Open WalkerCodeRanger opened 9 years ago

WalkerCodeRanger commented 9 years ago

With ANTLR 4.5.1, following the example on page 36 of the book where the lexer and parser grammars are split up resulting in "LibExpr.g4". I split my grammar into lexical and parsing rules. I named them "X.g4" and "XLexer.g4" following the example of the CSharp example grammar. However I got an error like:

error(113): X.g4:2:7: combined grammar X and imported lexer grammar XLexer both generate XLexer

Firstly, that error meant nothing to me and gave absolutely no indication what the problem was. Turns out if I name my lexer grammar anything except "XLexer" the error goes away. I presume this is the result of some check for duplicate named grammars (to prevent cycles?) combined with some rule that drops "Lexer" off the name of lexer grammars so that if you generate a lexer directly from them it won't be result "XLexerLexer.java". However, I think in this case the error is a bug since it shouldn't matter in this case. Indeed, these seem like eminently reasonable names for grammar files.

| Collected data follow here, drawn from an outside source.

(* Let $G$ be a graph with $n$ nodes and $\pi\in S_n$. Then $\pi$ is representable by $G$ if and only if there is no $\mathbf y\in\mathbb{R}^{n-1}$ with $(\Xi R_\pi C_G)^T\mathbf y=\mathbf 0$, $\mathbf y\ge\mathbf 0$ and $\mathbf y\ne\mathbf 0$.
   Context: Graphs are finite directed graphs with nodes $\{0,\dots,n-1\}$; $d_G(x,y)$ is the shortest directed path length from $x$ to $y$ ($\infty$ if none). The distance-count matrix $C_G\in\mathbb{R}^{n\times n}$ has $(C_G)_{i,k}=|\{j: d_G(j,i)=k\}|$ (indices from 0). For $\mathbf a\in\mathbb{R}^{\mathbb{N}}$ the linear centrality is $f^{\mathbf a}_G(i)=\sum_{k=0}^{n-1}(C_G)_{i,k}a_k$. $\pi$ is representable by $G$ if there is $\mathbf a$ with $f^{\mathbf a}_G(\pi(0))>f^{\mathbf a}_G(\pi(1))>\dots>f^{\mathbf a}_G(\pi(n-1))$. $R_\pi$ is the $n\times n$ 0/1 matrix with $(R_\pi)_{ij}=1$ iff $\pi(i)=j$. $\Xi\in\mathbb{R}^{(n-1)\times n}$ is the matrix with $\Xi_{i,i}=-1$, $\Xi_{i,i+1}=1$ for $0\le i\le n-2$, and all other entries $0$. Inequalities between vectors are entrywise. *)

theory Defs
  imports "Jordan_Normal_Form.Matrix" "HOL-Combinatorics.Permutations" "HOL-Library.Extended_Nat"
begin

definition graph :: "nat \<Rightarrow> (nat \<times> nat) set \<Rightarrow> bool" where
  "graph n E \<longleftrightarrow> E \<subseteq> {0..<n} \<times> {0..<n}"

definition gdist :: "(nat \<times> nat) set \<Rightarrow> nat \<Rightarrow> nat \<Rightarrow> enat" where
  "gdist E x y = (if \<exists>k. (x, y) \<in> E ^^ k then enat (LEAST k. (x, y) \<in> E ^^ k) else \<infinity>)"

definition dist_count_mat :: "nat \<Rightarrow> (nat \<times> nat) set \<Rightarrow> real mat" where
  "dist_count_mat n E = mat n n (\<lambda>(i, k). real (card {j \<in> {0..<n}. gdist E j i = enat k}))"

definition lin_centrality :: "nat \<Rightarrow> (nat \<times> nat) set \<Rightarrow> (nat \<Rightarrow> real) \<Rightarrow> nat \<Rightarrow> real" where
  "lin_centrality n E a i = (\<Sum>k<n. dist_count_mat n E $$ (i, k) * a k)"

definition representable :: "nat \<Rightarrow> (nat \<times> nat) set \<Rightarrow> (nat \<Rightarrow> nat) \<Rightarrow> bool" where
  "representable n E \<pi> \<longleftrightarrow> (\<exists>a :: nat \<Rightarrow> real.
     \<forall>i. i + 1 < n \<longrightarrow> lin_centrality n E a (\<pi> i) > lin_centrality n E a (\<pi> (i + 1)))"

definition perm_mat :: "nat \<Rightarrow> (nat \<Rightarrow> nat) \<Rightarrow> real mat" where
  "perm_mat n \<pi> = mat n n (\<lambda>(i, j). if \<pi> i = j then 1 else 0)"

definition Xi_mat :: "nat \<Rightarrow> real mat" where
  "Xi_mat n = mat (n - 1) n (\<lambda>(i, j). if j = i then -1 else if j = i + 1 then 1 else 0)"

end

theory Submission
  imports Defs "HOL-Analysis.Function_Topology"
begin

(* Row i of Xi R_pi C_G is C_G(pi (i+1)) - C_G(pi i), so a weight vector a represents pi exactly
   when x = -a solves (Xi R_pi C_G) x > 0. Representability is therefore Gordan's theorem of the
   alternative for the matrix Xi R_pi C_G.

   Gordan's theorem for the rows M_0, ..., M_(m-1) of a matrix is proved with the point w of minimal
   norm in their convex hull, which exists by compactness of the simplex of weights. Minimality
   gives <w, M_j> >= |w|^2 for every j, so either w = 0, and its weights form a nonzero
   nonnegative y with y^T M = 0, or every <M_j, w> is positive. *)

definition weight_simplex :: "nat \<Rightarrow> (nat \<Rightarrow> real) set" where
  "weight_simplex m = {y. (\<forall>i<m. 0 \<le> y i) \<and> (\<forall>i\<ge>m. y i = 0) \<and> (\<Sum>i<m. y i) = 1}"

lemma compact_weight_simplex: "compact (weight_simplex m)"
proof -
  have "y i \<le> 1" if "y \<in> weight_simplex m" "i < m" for y i
    using that member_le_sum[of i "{..<m}" y] by (auto simp: weight_simplex_def)
  then have "weight_simplex m = (\<Pi>\<^sub>E i\<in>UNIV. if i < m then {0..1} else {0}) \<inter> {y. (\<Sum>i<m. y i) = 1}"
    by (auto simp: weight_simplex_def PiE_iff split: if_splits)
  also have "compact \<dots>"
  proof (rule compact_Int_closed)
    have "compactin (product_topology (\<lambda>i. euclidean) UNIV)
        (\<Pi>\<^sub>E i\<in>UNIV. if i < m then {0..1::real} else {0})"
      by (subst compactin_PiE) auto
    then show "compact (\<Pi>\<^sub>E i\<in>UNIV. if i < m then {0..1::real} else {0})"
      by (simp add: euclidean_product_topology)
    show "closed {y::nat \<Rightarrow> real. (\<Sum>i<m. y i) = 1}"
      by (intro closed_Collect_eq continuous_intros continuous_on_product_coordinates)
  qed
  finally show ?thesis .
qed

lemma basis_in_weight_simplex: "j < m \<Longrightarrow> (\<lambda>i. if i = j then 1 else 0) \<in> weight_simplex m"
  by (simp add: weight_simplex_def)

lemma weight_simplex_segment:
  assumes "y \<in> weight_simplex m" "z \<in> weight_simplex m" "0 \<le> t" "t \<le> 1"
  shows "(\<lambda>i. (1 - t) * y i + t * z i) \<in> weight_simplex m"
  using assms by (simp add: weight_simplex_def sum.distrib flip: sum_distrib_left)

lemma nonneg_if_nonneg_perturbations:
  fixes b d :: real
  assumes "\<And>t. 0 < t \<Longrightarrow> t \<le> 1 \<Longrightarrow> 0 \<le> b + t * d"
  shows "0 \<le> b"
proof (rule ccontr)
  assume "\<not> 0 \<le> b"
  then have b: "b < 0" by simp
  with assms[of 1] have d: "0 < d" by simp
  define t where "t = min 1 (- b / (2 * d))"
  have "0 < t" "t \<le> 1" using b d by (auto simp: t_def field_simps)
  moreover have "t * d < - b"
    using b d by (auto simp: t_def min_def field_simps)
  ultimately show False using assms[of t] by linarith
qed

definition row_comb :: "(nat \<Rightarrow> nat \<Rightarrow> real) \<Rightarrow> nat \<Rightarrow> (nat \<Rightarrow> real) \<Rightarrow> nat \<Rightarrow> real" where
  "row_comb M m y k = (\<Sum>i<m. y i * M i k)"

lemma row_comb_basis: "j < m \<Longrightarrow> row_comb M m (\<lambda>i. if i = j then 1 else 0) k = M j k"
  by (simp add: row_comb_def if_distrib[of "\<lambda>x. x * _"] cong: if_cong)

lemma row_comb_segment:
  "row_comb M m (\<lambda>i. (1 - t) * y i + t * z i) k
    = row_comb M m y k + t * (row_comb M m z k - row_comb M m y k)"
  by (simp add: row_comb_def algebra_simps sum.distrib sum_subtractf flip: sum_distrib_left)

jimidle commented 9 years ago

Does your lexer grammar start with:

lexer grammar ....

and your parser grammar start with

parser grammar ...

Otherwise the tool will assume you have a combined grammar that will also generate the lexer of the same name.

Jim

On Sun, Aug 2, 2015 at 11:08 PM, Jeff Walker Code Ranger < notifications@github.com> wrote:

With ANTLR 4.5.1, following the example on page 36 of the book where the lexer and parser grammars are split up resulting in "LibExpr.g4". I split my grammar into lexical and parsing rules. I named them "X.g4" and "XLexer.g4" following the example of the CSharp example grammar https://github.com/antlr/grammars-v4/tree/master/csharp. However I got an error like:

error(113): X.g4:2:7: combined grammar X and imported lexer grammar XLexer both generate XLexer

Firstly, that error meant nothing to me and gave absolutely no indication what the problem was. Turns out if I name my lexer grammar anything except "XLexer" the error goes away. I presume this is the result of some check for duplicate named grammars (to prevent cycles?) combined with some rule that drops "Lexer" off the name of lexer grammars so that if you generate a lexer directly from them it won't be result "XLexerLexer.java". However, I think in this case the error is a bug since it shouldn't matter in this case. Indeed, these seem like eminently reasonable names for grammar files.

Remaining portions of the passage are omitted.